## Problem to solve
What is needed is a single figure: how many lines of the records below contain the word "decreases".

## Excerpted records
== == ==
definition loc_lipschitz :: "('a::metric_space \<Rightarrow> 'b::metric_space) \<Rightarrow> bool" where
  "loc_lipschitz G \<longleftrightarrow> (\<forall>x. \<exists>e>0. \<exists>L. \<forall>y\<in>ball x e. \<forall>y'\<in>ball x e. dist (G y) (G y') \<le> L * dist y y')"

end

theory Submission imports Defs begin

text \<open>
  Only the acceptance test of the line search matters. At \<open>c = f(x)/g(x)\<close> the terms
  \<open>2 c f(x) - c\<^sup>2 g(x)\<close> equal \<open>f(x)\<^sup>2/g(x)\<close>, and \<open>h\<^sub>2\<^sup>*(z) - \<langle>x,z\<rangle> \<ge> -h\<^sub>2(x)\<close> by Fenchel-Young,
  so \<open>H(x,z,f(x)/g(x)) \<ge> F(x)\<close> and every accepted step decreases \<open>F\<close> by at least
  \<open>\<sigma>/2 \<parallel>x\<^sup>k\<^sup>+\<^sup>1 - x\<^sup>k\<parallel>\<^sup>2\<close>. The iterates therefore stay in the compact sublevel set \<open>X\<^sub>0\<close>, on which
  \<open>F\<close> is finite and continuous: \<open>F(x\<^sup>k)\<close> decreases and is bounded below, and the squared steps are
  dominated by its successive differences. Boundedness of \<open>z\<^sup>k\<close> holds because subgradients of a
  finite convex function are bounded on bounded sets, and that of \<open>c\<^sub>k\<close> because \<open>f/g\<close> is continuous
  on \<open>X\<^sub>0 \<subseteq> \<Omega>\<close>.
\<close>

lemma fenchel_young: "ereal (inner x z - h x) \<le> conjugate h z"
  unfolding conjugate_def by (rule SUP_upper2[of x]) (auto simp: inner_commute)
lemma extend_top_bottom_images_disjoint:
  assumes n: "n \<ge> 1"
  shows "extend_division n (column n) {} {} ` divisions n k \<inter>
    extend_division n {} (column n) {} ` split_divisions n k = {}"
proof (rule ccontr)
  assume "extend_division n (column n) {} {} ` divisions n k \<inter>
    extend_division n {} (column n) {} ` split_divisions n k \<noteq> {}"
  then obtain Q Q' where Q: "Q \<in> divisions n k" and Q': "Q' \<in> split_divisions n k"
    and eq: "extend_division n (column n) {} {} Q = extend_division n {} (column n) {} Q'" by blast
  have Q'_div: "Q' \<in> divisions n k" using Q' split_divisions_subset by blast
  note eqD = extend_division_eqD[OF divisions_pieceD[OF Q] divisions_pieceD[OF Q'_div] _ _ _ _ eq]
  have "Q = Q'" by (rule eqD(1)) auto
  obtain A where A: "A \<in> Q" "(0, n - 1) \<in> A"
    using division_covers[of n k Q "(0, n - 1)"] Q n unfolding divisions_def by auto
  then have "(1, n - 1) \<notin> A"
    using Q' \<open>Q = Q'\<close> unfolding split_divisions_def last_column_split_def by blast
  have "attached_part n (column n) {} A = attached_part n {} (column n) A"
    by (rule eqD(3)) (use A(1) in auto)
  then show False using A(2) \<open>(1, n - 1) \<notin> A\<close> unfolding attached_part_def column_def by simp
qed

lemma card_joined_divisions_Suc:
  assumes n: "n \<ge> 1"
  shows "card (joined_divisions (Suc n) (Suc j)) =
    card (divisions n j) + card (divisions n (Suc j)) + card (split_divisions n (Suc j))"
proof -
  let ?I1 = "extend_division n {} {} {column n} ` divisions n j"
  let ?I2 = "extend_division n (column n) {} {} ` divisions n (Suc j)"
  let ?I3 = "extend_division n {} (column n) {} ` split_divisions n (Suc j)"
  have eq: "joined_divisions (Suc n) (Suc j) = ?I1 \<union> ?I2 \<union> ?I3"
  proof
    show "joined_divisions (Suc n) (Suc j) \<subseteq> ?I1 \<union> ?I2 \<union> ?I3"
      using joined_divisions_Suc_cases[OF n] by (rule subsetI)
    have "?I1 \<subseteq> joined_divisions (Suc n) (Suc j)"
      by (rule image_subsetI, rule extend_new_column_joined[OF n])
    moreover have "?I2 \<subseteq> joined_divisions (Suc n) (Suc j)"
      by (rule image_subsetI, rule extend_top_column_joined[OF n])
    moreover have "?I3 \<subseteq> joined_divisions (Suc n) (Suc j)"
      by (rule image_subsetI, rule extend_bottom_column_joined[OF n])
    ultimately show "?I1 \<union> ?I2 \<union> ?I3 \<subseteq> joined_divisions (Suc n) (Suc j)" by (intro Un_least)
  qed
  have "?I1 \<inter> ?I2 = {}"
    by (rule extend_division_images_disjoint[of _ n j _ "Suc j"]) simp_all
  moreover have "?I1 \<inter> ?I3 = {}"
    by (rule extend_division_images_disjoint[of _ n j _ "Suc j"]) (simp_all add: split_divisions_subset)
  ultimately have disjoint: "?I1 \<inter> ?I2 = {}" "(?I1 \<union> ?I2) \<inter> ?I3 = {}"
    using extend_top_bottom_images_disjoint[OF n] by (simp_all add: Int_Un_distrib2)
  have "card ?I1 = card (divisions n j)"
    by (rule card_extend_division_image[where k = j]) simp_all
  moreover have "card ?I2 = card (divisions n (Suc j))"
    by (rule card_extend_division_image[where k = "Suc j"]) simp_all
  moreover have "card ?I3 = card (split_divisions n (Suc j))"
    by (rule card_extend_division_image[where k = "Suc j"]) (simp_all add: split_divisions_subset)
  moreover have "finite ?I1" "finite ?I2" "finite ?I3"
    using finite_divisions finite_subset[OF split_divisions_subset finite_divisions] by auto
  ultimately show ?thesis unfolding eq using disjoint by (simp add: card_Un_disjoint)
qed

lemma extend_singletons_split:
  assumes n: "n \<ge> 1" and Q: "Q \<in> divisions n j"
  shows "extend_division n {} {} {{(0, n)}, {(1, n)}} Q \<in> split_divisions (Suc n) (Suc (Suc j))"
proof -
  have Q: "is_division n j Q" using Q unfolding divisions_def by simp
  have "is_division (Suc n) (j + card {{(0::nat, n)}, {(1, n)}}) (extend_division n {} {} {{(0, n)}, {(1, n)}} Q)"
    by (rule is_division_extend[OF n Q]) (auto simp: column_def is_piece_singleton)
  moreover have "last_column_split (Suc n) (extend_division n {} {} {{(0, n)}, {(1, n)}} Q)"
    by (rule last_column_split_extend_division[OF Q]) (auto simp: column_def attached_part_def)
  ultimately show ?thesis unfolding split_divisions_def divisions_def by simp
qed
lemma w1_1_quartic:
  assumes "qmul l (cross 2 1) Di = (1, 0)"
  shows "qmul l (qmul l (w1 1) (w1 1)) (qmul l (w1 1) (w1 1)) - qscale (5 * mu) (qmul l (w1 1) (w1 1))
    + (4 * mu\<^sup>2, 0) = 0"
proof -
  define u where "u = qmul l (w1 1) (w1 1)"
  define Z where "Z = (232 / 15 * mu\<^sup>2, 0) + qscale (32 * mu) u + qscale (128 / 15) (qmul l u u)
    - (24 * mu\<^sup>2, 0) - qscale (96 * mu) u + qscale (32 * mu) (w1 2)"
  have "qscale 4 (cross 3 4) = w3 7 - qscale (7 * mu ^ 3) (w3 1)"
    using w3_rec[of 3 4] by simp
  then have "qmul l (cross 2 1) Z = 0"
    by (simp add: w3_3 w3_4 w3_7 w1_3 w1_4 Z_def u_def cross_def qscale_def qmul_def prod_eq_iff
        field_simps power2_eq_square power3_eq_cube)
  then have "Z = 0" by (rule qmul_cancel_unit[OF assms])
  moreover have "qscale 3 (w1 2) - (4 * mu, 0) - qscale 2 u = 0"
    using w1_2_quadratic[OF assms] by (simp add: u_def)
  moreover have "qmul l u u - qscale (5 * mu) u + (4 * mu\<^sup>2, 0)
      = qscale (15 / 128) (Z - qscale (32 * mu / 3) (qscale 3 (w1 2) - (4 * mu, 0) - qscale 2 u))"
    by (simp add: Z_def qscale_def qmul_def prod_eq_iff field_simps power2_eq_square)
  ultimately show ?thesis by (simp add: u_def)
qed

definition in_span :: "('k \<times> 'k) \<times> ('k \<times> 'k) \<Rightarrow> bool" where
  "in_span u \<longleftrightarrow> (\<exists>T d. finite T \<and> T \<subseteq> {1..} \<and> u = (\<Sum>m\<in>T. jscale (d m) (w m)))"

lemma snd_jbracket_in_ideal:
  assumes "in_span u" "in_span v"
  shows "snd (jbracket l u v) \<in> range (qmul l (cross 2 1))"
proof -
  obtain S c where S: "finite S" "S \<subseteq> {1..}" "u = (\<Sum>m\<in>S. jscale (c m) (w m))"
    using assms(1) unfolding in_span_def by blast
  obtain T d where T: "finite T" "T \<subseteq> {1..}" "v = (\<Sum>m\<in>T. jscale (d m) (w m))"
    using assms(2) unfolding in_span_def by blast
  have "jbracket l u v = (\<Sum>n\<in>T. \<Sum>m\<in>S. jscale (d n) (jscale (c m) (jbracket l (w m) (w n))))"
    unfolding S(3) T(3)
    by (simp add: jbracket_sum_left jbracket_sum_right jbracket_jscale_left jbracket_jscale_right
        jscale_sum)
  then have "snd (jbracket l u v) = (\<Sum>n\<in>T. \<Sum>m\<in>S. qscale (d n) (qscale (c m) (qscale 4 (cross n m))))"
    by (simp add: snd_sum jscale_def jbracket_def cross_def w1_def w3_def)
  also have "\<dots> \<in> range (qmul l (cross 2 1))"
    using S(2) T(2) by (intro range_qmul_sum range_qmul_qscale cross_in_ideal) auto
  finally show ?thesis .
qed

lemma cross_2_1_invertible:
  assumes "l \<noteq> 0" "in_span (jet_gen l 1)" "in_span (jet_gen l 2)"
  shows "\<exists>Di. qmul l (cross 2 1) Di = (1, 0)"
proof -
  have "snd (jbracket l (jet_gen l 1) (jet_gen l 2)) = (0, -24)"
    by (simp add: jet_gen_def jbracket_def qmul_def qscale_def numeral_2_eq_2)
  then obtain h where h: "qmul l (cross 2 1) h = (0, -24)"
    using snd_jbracket_in_ideal[OF assms(2,3)] by auto
  have "qmul l (cross 2 1) (qscale (-1 / (24 * l)) (qmul l (0, 1) h))
      = qscale (-1 / (24 * l)) (qmul l (0, 1) (qmul l (cross 2 1) h))"
    by (simp add: qmul_def qscale_def prod_eq_iff algebra_simps)
  also have "\<dots> = (1, 0)" unfolding h using assms(1) by (simp add: qmul_def qscale_def)
  finally show ?thesis by blast
qed

lemma fst_in_span:
  assumes "in_span u"
  shows "\<exists>\<alpha> \<beta>. fst u = qscale \<alpha> (w1 1) + qscale \<beta> (w1 2)"
proof -
  obtain T d where T: "finite T" "T \<subseteq> {1..}" "u = (\<Sum>m\<in>T. jscale (d m) (w m))"
    using assms unfolding in_span_def by blast
  have "\<exists>\<alpha> \<beta>. (\<Sum>m\<in>T. qscale (d m) (w1 m)) = qscale \<alpha> (w1 1) + qscale \<beta> (w1 2)"
    using T(1,2)
  proof (induction T rule: finite_induct)
    case empty
    show ?case by (intro exI[of _ 0]) simp
  next
    case (insert m T)
    then obtain \<alpha> \<beta> where IH: "(\<Sum>m\<in>T. qscale (d m) (w1 m)) = qscale \<alpha> (w1 1) + qscale \<beta> (w1 2)"
      by auto
    obtain t where t: "w1 m = qscale t (w1 (base_index m))"
      using reduced_of_ge_1[of m] insert.prems unfolding reduced_def by auto
    show ?case
    proof (cases "odd m")
      case True
      then have "(\<Sum>m\<in>insert m T. qscale (d m) (w1 m)) = qscale (\<alpha> + d m * t) (w1 1) + qscale \<beta> (w1 2)"
        using insert.hyps IH t by (simp add: base_index_def qscale_def prod_eq_iff algebra_simps)
      then show ?thesis by blast
    next
      case False
      then have "(\<Sum>m\<in>insert m T. qscale (d m) (w1 m)) = qscale \<alpha> (w1 1) + qscale (\<beta> + d m * t) (w1 2)"
        using insert.hyps IH t by (simp add: base_index_def qscale_def prod_eq_iff algebra_simps)
      then show ?thesis by blast
    qed
  qed
  then show ?thesis unfolding T(3) by (simp add: fst_sum jscale_def w1_def)
qed

lemma w1_independent:
  assumes "l \<noteq> 0" "in_span (jet_gen l 1)" "in_span (jet_gen l 2)"
  shows "fst (w1 1) * snd (w1 2) - fst (w1 2) * snd (w1 1) \<noteq> 0"
proof
  assume det: "fst (w1 1) * snd (w1 2) - fst (w1 2) * snd (w1 1) = 0"
  obtain \<alpha> \<beta> where 1: "(0, 1) = qscale \<alpha> (w1 1) + qscale \<beta> (w1 2)"
    using fst_in_span[OF assms(2)] by (auto simp: jet_gen_def qmul_def qscale_def)
  obtain \<alpha>' \<beta>' where 2: "(2 * l, 0) = qscale \<alpha>' (w1 1) + qscale \<beta>' (w1 2)"
    using fst_in_span[OF assms(3)] by (auto simp: jet_gen_def qmul_def qscale_def numeral_2_eq_2)
  have "0 * 0 - 2 * l * 1 = (\<alpha> * \<beta>' - \<alpha>' * \<beta>) * (fst (w1 1) * snd (w1 2) - fst (w1 2) * snd (w1 1))"
    using 1 2 by (simp add: qscale_def prod_eq_iff) algebra
  then show False using det assms(1) by simp
qed

lemma exists_sqrt_ratio_if_span:
  assumes "l \<noteq> 0" "mu \<noteq> 0" "in_span (jet_gen l 1)" "in_span (jet_gen l 2)"
  shows "\<exists>r. r\<^sup>2 = l / mu"
proof -
  obtain Di where "qmul l (cross 2 1) Di = (1, 0)"
    using cross_2_1_invertible[OF assms(1,3,4)] by blast
  then show ?thesis
    using exists_sqrt_ratio[OF assms(2) w1_2_quadratic w1_1_quartic w1_independent[OF assms(1,3,4)]]
    by blast
qed

end

section \<open>Pulling back the generators along an isomorphism\<close>

locale Osub_iso =
  fixes lam mu :: "'k::field_char_0" and phi :: "(int \<Rightarrow> 'k) \<Rightarrow> int \<Rightarrow> 'k"
  assumes bij: "bij_betw phi (Osub lam) (Osub mu)"
    and linear: "\<And>x y a b. x \<in> Osub lam \<Longrightarrow> y \<in> Osub lam \<Longrightarrow>
      phi (\<lambda>i. a * x i + b * y i) = (\<lambda>i. a * phi x i + b * phi y i)"
    and bracket: "\<And>x y. x \<in> Osub lam \<Longrightarrow> y \<in> Osub lam \<Longrightarrow>
      phi (wbracket x y) = wbracket (phi x) (phi y)"
begin

definition pre_gen :: "nat \<Rightarrow> int \<Rightarrow> 'k" where
  "pre_gen n = inv_into (Osub lam) phi (Ogen mu n)"

definition jet_pre_gen :: "nat \<Rightarrow> ('k \<times> 'k) \<times> ('k \<times> 'k)" where
  "jet_pre_gen n = jet lam (pre_gen n)"

lemma pre_gen_in_Osub: "1 \<le> n \<Longrightarrow> pre_gen n \<in> Osub lam"
  unfolding pre_gen_def
  using bij_betw_imp_surj_on[OF bij] Ogen_in_Osub[of n mu] by (auto intro: inv_into_into)

lemma phi_pre_gen: "1 \<le> n \<Longrightarrow> phi (pre_gen n) = Ogen mu n"
  unfolding pre_gen_def
  using bij_betw_imp_surj_on[OF bij] Ogen_in_Osub[of n mu] by (simp add: f_inv_into_f)

lemma phi_eqD: "x \<in> Osub lam \<Longrightarrow> y \<in> Osub lam \<Longrightarrow> phi x = phi y \<Longrightarrow> x = y"
  using bij_betw_imp_inj_on[OF bij] by (auto dest: inj_onD)

lemma phi_sum:
  assumes "finite J" "\<And>j. j \<in> J \<Longrightarrow> g j \<in> Osub lam"
  shows "phi (\<lambda>i. \<Sum>j\<in>J. d j * g j i) = (\<lambda>i. \<Sum>j\<in>J. d j * phi (g j) i)"
  using assms
proof (induction J rule: finite_induct)
  case empty
  have "Ogen lam 1 \<in> Osub lam" by (rule Ogen_in_Osub) simp
  then show ?case using linear[of "Ogen lam 1" "Ogen lam 1" 0 0] by simp
next
  case (insert j J)
  have "(\<lambda>i. \<Sum>j\<in>J. d j * g j i) \<in> Osub lam"
    using insert.prems by (intro Osub_sum[OF insert.hyps(1)] Osub_scale) auto
  then show ?case
    using insert linear[of "g j" "\<lambda>i. \<Sum>j\<in>J. d j * g j i" "d j" 1] by simp
qed

lemma wbracket_pre_gen:
  assumes "1 \<le> m" "m < n"
  shows "wbracket (pre_gen n) (pre_gen m)
    = (\<lambda>i. of_nat (n - m) * pre_gen (n + m) i - of_nat (n + m) * mu ^ m * pre_gen (n - m) i)"
proof (rule phi_eqD)
  have pre: "pre_gen (n + m) \<in> Osub lam" "pre_gen (n - m) \<in> Osub lam"
    "pre_gen n \<in> Osub lam" "pre_gen m \<in> Osub lam"
    using assms by (auto intro!: pre_gen_in_Osub)
  then show "wbracket (pre_gen n) (pre_gen m) \<in> Osub lam"
    by (simp add: Osub_wbracket)
  show "(\<lambda>i. of_nat (n - m) * pre_gen (n + m) i - of_nat (n + m) * mu ^ m * pre_gen (n - m) i) \<in> Osub lam"
    using pre by (simp add: Osub_diff)
  have "phi (\<lambda>i. of_nat (n - m) * pre_gen (n + m) i - of_nat (n + m) * mu ^ m * pre_gen (n - m) i)
      = (\<lambda>i. of_nat (n - m) * Ogen mu (n + m) i - of_nat (n + m) * mu ^ m * Ogen mu (n - m) i)"
    using linear[of "pre_gen (n + m)" "pre_gen (n - m)" "of_nat (n - m)" "- (of_nat (n + m) * mu ^ m)"]
      pre assms by (simp add: phi_pre_gen)
  also have "\<dots> = phi (wbracket (pre_gen n) (pre_gen m))"
    using assms pre by (simp add: wbracket_Ogen_greater bracket phi_pre_gen)
  finally show "phi (wbracket (pre_gen n) (pre_gen m)) = phi (\<lambda>i. of_nat (n - m) * pre_gen (n + m) i
      - of_nat (n + m) * mu ^ m * pre_gen (n - m) i)" ..
qed

sublocale jet_relations lam mu jet_pre_gen
proof
  fix n m :: nat
  assume nm: "1 \<le> m" "m < n"
  then have "pre_gen (n + m) \<in> Osub lam" "pre_gen (n - m) \<in> Osub lam"
    "pre_gen n \<in> Osub lam" "pre_gen m \<in> Osub lam"
    by (auto intro!: pre_gen_in_Osub)
  then show "jbracket lam (jet_pre_gen n) (jet_pre_gen m) = jscale (of_nat (n - m)) (jet_pre_gen (n + m))
      - jscale (of_nat (n + m) * mu ^ m) (jet_pre_gen (n - m))"
    unfolding jet_pre_gen_def
    by (simp add: jet_wbracket[symmetric] wbracket_pre_gen[OF nm] jet_diff Osub_witt_carrier)
qed

lemma in_span_jet_gen:
  assumes "1 \<le> k"
  shows "in_span (jet_gen lam k)"
proof -
  have "phi (Ogen lam k) \<in> Osub mu"
    using bij_betw_imp_surj_on[OF bij] Ogen_in_Osub[OF assms] by auto
  then obtain T d where T: "finite T" "T \<subseteq> {1..}" "phi (Ogen lam k) = (\<lambda>i. \<Sum>m\<in>T. d m * Ogen mu m i)"
    unfolding Osub_def by blast
  have pre: "\<And>m. m \<in> T \<Longrightarrow> pre_gen m \<in> Osub lam" using T(2) by (auto intro!: pre_gen_in_Osub)
  have "Ogen lam k = (\<lambda>i. \<Sum>m\<in>T. d m * pre_gen m i)"
  proof (rule phi_eqD)
    show "Ogen lam k \<in> Osub lam" by (rule Ogen_in_Osub[OF assms])
    show "(\<lambda>i. \<Sum>m\<in>T. d m * pre_gen m i) \<in> Osub lam"
      using pre T(1) by (intro Osub_sum Osub_scale) auto
    show "phi (Ogen lam k) = phi (\<lambda>i. \<Sum>m\<in>T. d m * pre_gen m i)"
    proof -
      have "phi (pre_gen m) = Ogen mu m" if "m \<in> T" for m
        using that T(2) by (simp add: phi_pre_gen subset_eq)
      then show ?thesis by (simp add: phi_sum[OF T(1) pre] T(3))
    qed
  qed
  then have "jet_gen lam k = jet lam (\<lambda>i. \<Sum>m\<in>T. d m * pre_gen m i)"
    using jet_Ogen[OF assms, of lam] by simp
  also have "\<dots> = (\<Sum>m\<in>T. jet lam (\<lambda>i. d m * pre_gen m i))"
    by (rule jet_sum[OF T(1)]) (use pre in \<open>auto intro: witt_carrier_scale Osub_witt_carrier\<close>)
  also have "\<dots> = (\<Sum>m\<in>T. jscale (d m) (jet_pre_gen m))"
    using pre by (intro sum.cong) (auto simp: jet_scale Osub_witt_carrier[of _ lam] jet_pre_gen_def)
  finally show ?thesis
    unfolding in_span_def using T(1,2) by blast
qed

end

lemma Osub_iso_if_lie_iso_sub:
  assumes "lie_iso_sub (Osub lam) (Osub mu)"
  shows "\<exists>phi. Osub_iso lam mu phi"
  using assms unfolding lie_iso_sub_def Osub_iso_def wadd_def wscale_def by blast

theorem proposition4p22:
  fixes lam mu :: "'k::field_char_0"
  assumes "lam \<noteq> 0" and "mu \<noteq> 0"
  shows "lie_iso_sub (Osub lam) (Osub mu) \<longleftrightarrow> (\<exists>r::'k. r ^ 2 = lam / mu)"
proof
  assume "lie_iso_sub (Osub lam) (Osub mu)"
  then obtain phi where "Osub_iso lam mu phi"
    using Osub_iso_if_lie_iso_sub by blast
  then interpret Osub_iso lam mu phi .
  show "\<exists>r. r ^ 2 = lam / mu"
    using exists_sqrt_ratio_if_span[OF assms in_span_jet_gen in_span_jet_gen] by simp
next
  assume "\<exists>r. r ^ 2 = lam / mu"
  then show "lie_iso_sub (Osub lam) (Osub mu)"
    using lie_iso_sub_Osub_if_square[OF assms] by blast
qed

end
== == ==
## Exercise output
2